I knew it was useless, yet I could not help bending down and calling out his name. No answer. A dead silence there, but behind, the welcome sound of hurrying steps, as man after man came up to us, breathless, horror-stricken, eager to help.
We fell to work, working as men only can when life or death seems hanging on their hands. Scarcely a word was uttered. There was only the sound of the pickaxes driven deep down into the heaps of rubbish,—the grating noise of stones raised up and thrown aside—by-and-by the quickened breathing of those who would not stop to rest. On and on, with a grim energy, andagony of suspense, that seemed to double the power in those strong arms and quivering muscles. On and on, with wild words of voiceless prayer ringing in my ears, with thoughts that wandered strangely to my father's funeral, to the tolling of the church bell, to Hildred standing sobbing by the open grave.

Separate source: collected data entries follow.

lemma integral_qseq_pseq: "(\<integral>y. q m y * p l y \<partial>\<mu>) = (if l = m then 1 else 0)"
proof (cases "m < l")
  case True
  then have "\<forall>j\<in>{1..r}. path_vec i (Suc m) j \<le> path_vec i l j"
    using path_vec_mono by simp
  then show ?thesis
    using True typeI_typeII_orthogonal[OF typeII_path typeI_path] moments_finite
    by (simp add: integral_qseq_mult_poly pseq_def)
next
  case False
  have deg_eq: "degree (P (path_vec i l)) = l" and lead: "lead_coeff (P (path_vec i l)) = 1"
    using typeII_path[of l] mi_norm_path_vec[OF path_in_range] unfolding is_typeII_def by auto
  then have deg: "degree (P (path_vec i l)) < mi_norm r (path_vec i (Suc m))"
    using False mi_norm_path_vec[OF path_in_range] by simp
  have "(\<integral>y. q m y * p l y \<partial>\<mu>) = coeff (P (path_vec i l)) m"
    using typeI_pairing_eq_coeff[OF typeI_path deg] moments_finite mi_norm_path_vec[OF path_in_range]
    by (simp add: integral_qseq_mult_poly pseq_def)
  also have "\<dots> = (if l = m then 1 else 0)"
    using lead deg_eq False by (auto simp: coeff_eq_0)
  finally show ?thesis .
qed

lemma pseq_recurrence: "y * p l y = (\<Sum>m\<le>Suc l. J l m * p m y)"
  using arg_cong[OF recurrence[of l], of "\<lambda>f. poly f y"] by (simp add: pseq_def poly_sum)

She was close beside me. Her hands were torn and bleeding, cut by the sharp stones which she was trying madly to lift up and roll away. The gravel that the spades threw aside, fell all over her, but she did not know it. I lifted her up, for there was not room enough for all the workers, who could give stronger help than hers. She struggled to get away from me, telling me to let her go back and help.

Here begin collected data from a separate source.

(* Suppose that $\Sigma=(X,U,F)$ is a system, $Q\subset X$ is controlled invariant, and $(\mathcal{A},G)$ is a quasi-invariant-partition of $Q$. Then \[h_{inv}(\mathcal{A},G)=\lim_{m\to\infty}\frac1m\max_{\alpha\in W_m(\mathcal{A},G)}\sum_{i=0}^{m-2}w(\alpha(i)).\]
   Context: A system is a triple $\Sigma=(X,U,F)$ where $X,U$ are nonempty sets and $F:X\times U\rightrightarrows X$ is a set-valued map with $F(x,u)\neq\emptyset$ for all $(x,u)$; for $A\subset X$, $F(A,u)=\bigcup_{x\in A}F(x,u)$. $Q\subset X$ is controlled invariant if for every $x\in Q$ there is $u\in U$ with $F(x,u)\subset Q$. An invariant cover of $Q$ is a pair $(\mathcal{A},G)$ where $\mathcal{A}$ is a finite cover of $Q$ (by subsets of $Q$) and $G:\mathcal{A}\to U$ satisfies $F(A,G(A))\subset Q$ for all $A\in\mathcal{A}$. For $\mathcal{S}\subset\mathcal{A}^n$, $\alpha=\alpha(0)\cdots\alpha(n-1)\in\mathcal{S}$ and integer $0\le t<n-1$, let $P(\alpha|_{[0,t]})=\{A\in\mathcal{A}:\exists\hat\alpha\in\mathcal{S},\ \hat\alpha|_{[0,t]}=\alpha|_{[0,t]},\ A=\hat\alpha(t+1)\}$, and $P(\alpha|_{[0,n-1]})=P(\alpha)=\{\hat\alpha(0):\hat\alpha\in\mathcal{S}\}$. $\mathcal{S}$ is $(n,Q)$-spanning in $(\mathcal{A},G)$ if (1) the elements of $P(\alpha)$ cover $Q$, and (2) for every $\alpha\in\mathcal{S}$ and $0\le t<n-1$, $F(\alpha(t),G(\alpha(t)))\subset\bigcup_{A'\in P(\alpha|_{[0,t]})}A'$. Let $N(\mathcal{S})=\max_{\alpha\in\mathcal{S}}\prod_{t=0}^{n-1}\sharp P(\alpha|_{[0,t]})$, $r_{inv}(n,Q,\mathcal{A},G)=\min\{N(\mathcal{S}):\mathcal{S}\ (n,Q)\text{-spanning in }(\mathcal{A},G)\}$, and $h_{inv}(\mathcal{A},G)=\lim_{n\to\infty}\frac1n\log r_{inv}(n,Q,\mathcal{A},G)$ ($\log$ base $2$). For $A\in\mathcal{A}$: $D(A)=\{A'\in\mathcal{A}:F(A,G(A))\cap A'\neq\emptyset\}$ and $w(A)=\log\sharp D(A)$. $W_m(\mathcal{A},G)$ is the set of sequences $(A_i)_{i=0}^{m-1}$ in $\mathcal{A}$ with $F(A_i,G(A_i))\cap A_{i+1}\neq\emptyset$ for all $0\le i<m-1$. An invariant cover $(\mathcal{A},G)$ is a quasi-invariant-partition of $Q$ if $A\setminus\bigcup_{B\in\mathcal{A},B\neq A}B\neq\emptyset$ for all $A\in\mathcal{A}$, and $F(A,G(A))\cap\big(B\setminus\bigcup_{C\in D(A),C\neq B}C\big)\neq\emptyset$ for all $A\in\mathcal{A}$ and $B\in D(A)$. *)

theory Defs
  imports Complex_Main
begin

(* A system (X,U,F): X, U are the (nonempty) types 'x, 'u; F : X x U => P(X). *)
definition is_system :: "('x \<Rightarrow> 'u \<Rightarrow> 'x set) \<Rightarrow> bool" where
  "is_system F \<longleftrightarrow> (\<forall>x u. F x u \<noteq> {})"

definition img :: "('x \<Rightarrow> 'u \<Rightarrow> 'x set) \<Rightarrow> 'x set \<Rightarrow> 'u \<Rightarrow> 'x set" where
  "img F A u = (\<Union>x\<in>A. F x u)"

definition controlled_invariant :: "('x \<Rightarrow> 'u \<Rightarrow> 'x set) \<Rightarrow> 'x set \<Rightarrow> bool" where
  "controlled_invariant F Q \<longleftrightarrow> (\<forall>x\<in>Q. \<exists>u. F x u \<subseteq> Q)"

definition invariant_cover ::
  "('x \<Rightarrow> 'u \<Rightarrow> 'x set) \<Rightarrow> 'x set \<Rightarrow> 'x set set \<Rightarrow> ('x set \<Rightarrow> 'u) \<Rightarrow> bool" where
  "invariant_cover F Q \<A> G \<longleftrightarrow>
     finite \<A> \<and> (\<forall>A\<in>\<A>. A \<subseteq> Q) \<and> Q \<subseteq> \<Union>\<A> \<and>
     (\<forall>A\<in>\<A>. img F A (G A) \<subseteq> Q)"

(* Sequences alpha in A^n are lists of length n with entries in A;
   alpha(t) = alpha ! t. *)
definition seqs :: "'x set set \<Rightarrow> nat \<Rightarrow> 'x set list set" where
  "seqs \<A> n = {\<alpha>. length \<alpha> = n \<and> set \<alpha> \<subseteq> \<A>}"

(* P(alpha|_[0,t]) for t < n-1, and P(alpha|_[0,n-1]) = P(alpha) = {beta(0) | beta in S} *)
definition Pset :: "'x set list set \<Rightarrow> nat \<Rightarrow> 'x set list \<Rightarrow> nat \<Rightarrow> 'x set set" where
  "Pset S n \<alpha> t =
     (if t < n - 1
      then {\<beta> ! (t + 1) | \<beta>. \<beta> \<in> S \<and> take (t + 1) \<beta> = take (t + 1) \<alpha>}
      else (\<lambda>\<beta>. \<beta> ! 0) ` S)"

definition spanning ::
  "('x \<Rightarrow> 'u \<Rightarrow> 'x set) \<Rightarrow> 'x set \<Rightarrow> 'x set set \<Rightarrow> ('x set \<Rightarrow> 'u) \<Rightarrow> nat
     \<Rightarrow> 'x set list set \<Rightarrow> bool" where
  "spanning F Q \<A> G n S \<longleftrightarrow>
     S \<subseteq> seqs \<A> n \<and>
     Q \<subseteq> \<Union>((\<lambda>\<beta>. \<beta> ! 0) ` S) \<and>
     (\<forall>\<alpha>\<in>S. \<forall>t. t < n - 1 \<longrightarrow>
        img F (\<alpha> ! t) (G (\<alpha> ! t)) \<subseteq> \<Union>(Pset S n \<alpha> t))"

(* N(S); convention: 0 for S = {} (only relevant in degenerate cases) *)
definition NS :: "'x set list set \<Rightarrow> nat \<Rightarrow> nat" where
  "NS S n = (if S = {} then 0 else Max ((\<lambda>\<alpha>. \<Prod>t<n. card (Pset S n \<alpha> t)) ` S))"

definition r_inv ::
  "('x \<Rightarrow> 'u \<Rightarrow> 'x set) \<Rightarrow> 'x set \<Rightarrow> nat \<Rightarrow> 'x set set \<Rightarrow> ('x set \<Rightarrow> 'u) \<Rightarrow> nat" where
  "r_inv F Q n \<A> G = Min {NS S n | S. spanning F Q \<A> G n S}"

definition h_inv ::
  "('x \<Rightarrow> 'u \<Rightarrow> 'x set) \<Rightarrow> 'x set \<Rightarrow> 'x set set \<Rightarrow> ('x set \<Rightarrow> 'u) \<Rightarrow> real" where
  "h_inv F Q \<A> G = lim (\<lambda>n. log 2 (real (r_inv F Q n \<A> G)) / real n)"

definition Dset ::
  "('x \<Rightarrow> 'u \<Rightarrow> 'x set) \<Rightarrow> 'x set set \<Rightarrow> ('x set \<Rightarrow> 'u) \<Rightarrow> 'x set \<Rightarrow> 'x set set" where
  "Dset F \<A> G A = {A'\<in>\<A>. img F A (G A) \<inter> A' \<noteq> {}}"

definition wt ::
  "('x \<Rightarrow> 'u \<Rightarrow> 'x set) \<Rightarrow> 'x set set \<Rightarrow> ('x set \<Rightarrow> 'u) \<Rightarrow> 'x set \<Rightarrow> real" where
  "wt F \<A> G A = log 2 (real (card (Dset F \<A> G A)))"

definition Wm ::
  "('x \<Rightarrow> 'u \<Rightarrow> 'x set) \<Rightarrow> 'x set set \<Rightarrow> ('x set \<Rightarrow> 'u) \<Rightarrow> nat \<Rightarrow> 'x set list set" where
  "Wm F \<A> G m = {\<alpha>. length \<alpha> = m \<and> set \<alpha> \<subseteq> \<A> \<and>
     (\<forall>i. i + 1 < m \<longrightarrow> img F (\<alpha> ! i) (G (\<alpha> ! i)) \<inter> \<alpha> ! (i + 1) \<noteq> {})}"

definition quasi_invariant_partition ::
  "('x \<Rightarrow> 'u \<Rightarrow> 'x set) \<Rightarrow> 'x set \<Rightarrow> 'x set set \<Rightarrow> ('x set \<Rightarrow> 'u) \<Rightarrow> bool" where
  "quasi_invariant_partition F Q \<A> G \<longleftrightarrow>
     invariant_cover F Q \<A> G \<and>
     (\<forall>A\<in>\<A>. A - \<Union>(\<A> - {A}) \<noteq> {}) \<and>
     (\<forall>A\<in>\<A>. \<forall>B\<in>Dset F \<A> G A.
        img F A (G A) \<inter> (B - \<Union>(Dset F \<A> G A - {B})) \<noteq> {})"

(* (1/m) max_{alpha in W_m} sum_{i=0}^{m-2} w(alpha(i)); convention 0 if W_m = {} *)
definition rhs_seq ::
  "('x \<Rightarrow> 'u \<Rightarrow> 'x set) \<Rightarrow> 'x set set \<Rightarrow> ('x set \<Rightarrow> 'u) \<Rightarrow> nat \<Rightarrow> real" where
  "rhs_seq F \<A> G m =
     (if Wm F \<A> G m = {} then 0
      else Max ((\<lambda>\<alpha>. \<Sum>i<m - 1. wt F \<A> G (\<alpha> ! i)) ` Wm F \<A> G m)) / real m"

end

theory Submission
  imports Defs
begin

(* Idea: private points leave a spanning family no freedom. A subfamily of cells covering Q is
   the whole partition, and a subfamily covering F(A,G(A)) contains D(A). Hence every
   (n,Q)-spanning S contains all admissible sequences W_n and has P(alpha|[0,t]) containing
   D(alpha(t)), while W_n itself is spanning with equality. So r_inv(n) is the number of cells
   times the maximum over W_n of prod_{t<n-1} #D(alpha(t)), whose logarithm is the maximal weight
   sum of the theorem. Splitting an admissible sequence in two shows that this logarithm is
   subadditive up to the constant log max_A #D(A), and Fekete's lemma gives the limit. *)

lemma subadditive_le_mult_add:
  fixes a :: "nat \<Rightarrow> real"
  assumes subadd: "\<And>m n. a (m + n) \<le> a m + a n"
  shows "a (q * k + r) \<le> real q * a k + a r"
proof (induction q)
  case (Suc q)
  have "a (Suc q * k + r) = a (k + (q * k + r))" by (simp add: algebra_simps)
  also have "\<dots> \<le> a k + (real q * a k + a r)" using subadd Suc by (meson add_left_mono order_trans)
  finally show ?case by (simp add: algebra_simps)
qed simp

lemma fekete_subadditive:
  fixes a :: "nat \<Rightarrow> real"
  assumes subadd: "\<And>m n. a (m + n) \<le> a m + a n" and nonneg: "\<And>n. 0 \<le> a n"
  shows "(\<lambda>n. a n / real n) \<longlonglongrightarrow> (INF n\<in>{1..}. a n / real n)"
    (is "_ \<longlonglongrightarrow> ?L")
proof (rule LIMSEQ_I)
  have bdd: "bdd_below ((\<lambda>n. a n / real n) ` {1..})"
    using nonneg by (intro bdd_belowI[of _ 0]) auto
  fix r :: real assume r: "0 < r"
  obtain k where k: "1 \<le> k" "a k / real k < ?L + r / 2"
    using cINF_less_iff[OF _ bdd, of "?L + r / 2"] r by auto
  define B where "B = Max (a ` {..<k})"
  have B: "a j \<le> B" if "j < k" for j
    unfolding B_def using that by simp
  obtain N :: nat where N: "2 * B / r < N" using reals_Archimedean2 by blast
  have "\<bar>a n / real n - ?L\<bar> < r" if n: "Suc N \<le> n" for n
  proof -
    have n_pos: "0 < real n" using n by simp
    have "a n \<le> real (n div k) * a k + a (n mod k)"
      using subadditive_le_mult_add[of a, OF subadd, of "n div k" k "n mod k"] by simp
    also have "\<dots> \<le> real n / real k * a k + B"
      using B[of "n mod k"] k nonneg[of k] of_nat_div_le_of_nat[of n k]
      by (intro add_mono mult_right_mono) auto
    finally have "a n / real n \<le> a k / real k + B / real n"
      using n_pos by (simp add: field_simps)
    moreover have "B / real n < r / 2"
    proof -
      have "2 * B < r * real N" using N r by (simp add: field_simps)
      also have "\<dots> < r * real n" using n r by simp
      finally show ?thesis using n_pos by (simp add: field_simps)
    qed
    moreover have "?L \<le> a n / real n"
      using n bdd by (intro cINF_lower) auto
    ultimately show ?thesis using k(2) by linarith
  qed
  then show "\<exists>N. \<forall>n\<ge>N. norm (a n / real n - ?L) < r" by auto
qed

lemma log_prod:
  assumes "finite I" and "\<And>i. i \<in> I \<Longrightarrow> 0 < f i"
  shows "log b (\<Prod>i\<in>I. f i) = (\<Sum>i\<in>I. log b (f i))"
proof -
  have "f i \<noteq> 0" if "i \<in> I" for i using assms(2)[OF that] by simp
  then show ?thesis unfolding log_def using assms(1) by (simp add: ln_prod sum_divide_distrib)
qed

lemma prod_list_map_butlast:
  fixes f :: "'a \<Rightarrow> 'b::comm_monoid_mult"
  shows "(\<Prod>x\<leftarrow>butlast xs. f x) = (\<Prod>t<length xs - 1. f (xs ! t))"
proof -
  have "(\<Prod>x\<leftarrow>butlast xs. f x) = (\<Prod>t\<in>{0..<length (butlast xs)}. map f (butlast xs) ! t)"
    unfolding prod.list_conv_set_nth by (simp only: length_map)
  also have "\<dots> = (\<Prod>t<length xs - 1. f (xs ! t))"
    unfolding atLeast0LessThan by (intro prod.cong) (simp_all add: nth_butlast)
  finally show ?thesis .
qed

lemma Pset_less:
  "t < n - 1 \<Longrightarrow>
     Pset S n \<alpha> t = {\<beta> ! Suc t | \<beta>. \<beta> \<in> S \<and> take (Suc t) \<beta> = take (Suc t) \<alpha>}"
  unfolding Pset_def by simp

lemma Pset_last: "Pset S (Suc m) \<alpha> m = (\<lambda>\<beta>. \<beta> ! 0) ` S"
  unfolding Pset_def by simp

lemma seqs_nth_mem:
  assumes "\<alpha> \<in> seqs \<A> n" and "i < n"
  shows "\<alpha> ! i \<in> \<A>"
proof -
  have "length \<alpha> = n" and "set \<alpha> \<subseteq> \<A>" using assms(1) unfolding seqs_def by simp_all
  then show ?thesis using assms(2) nth_mem[of i \<alpha>] by auto
qed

'You cannot help us so,' I said. 'Hildred! poor child, kneel down and pray for us.'
'Oh, I cannot. I do not know how. I am too wicked. Tell me what to say.'
Somehow, the solemn words that we had heard that day, standing by my father's grave, came to my lips, and I repeated them.
'In the midst of life we are in death. Of whom may we seek for succour but of Thee, O Lord, who for our sins art justly displeased?'
Hildred had fallen on her knees, repeating 'Oh, justly displeased, most justly.'
I was back at work. I heard Hildred say, 'Won't some one pray again?' and presently an old man, the parish clerk, standing near her, said in a broken voice, with many pauses, 'In all time of our tribulation, in the hour of death, and in the day of judgment——'
From us all—from poor Hildred—from the eager workers, and the watchers standing by, came as with one voice, the deep response, 'Good Lord, deliver us.'
The time was drawing near when we should know the worst. The great heap of fallen masonry was getting smaller every minute. Could Cuthbert have been saved alive? We came upon great stems of ivy crushed and broken in the ruin. The fresh leaves, unwithered yet, shone out strangely here and there.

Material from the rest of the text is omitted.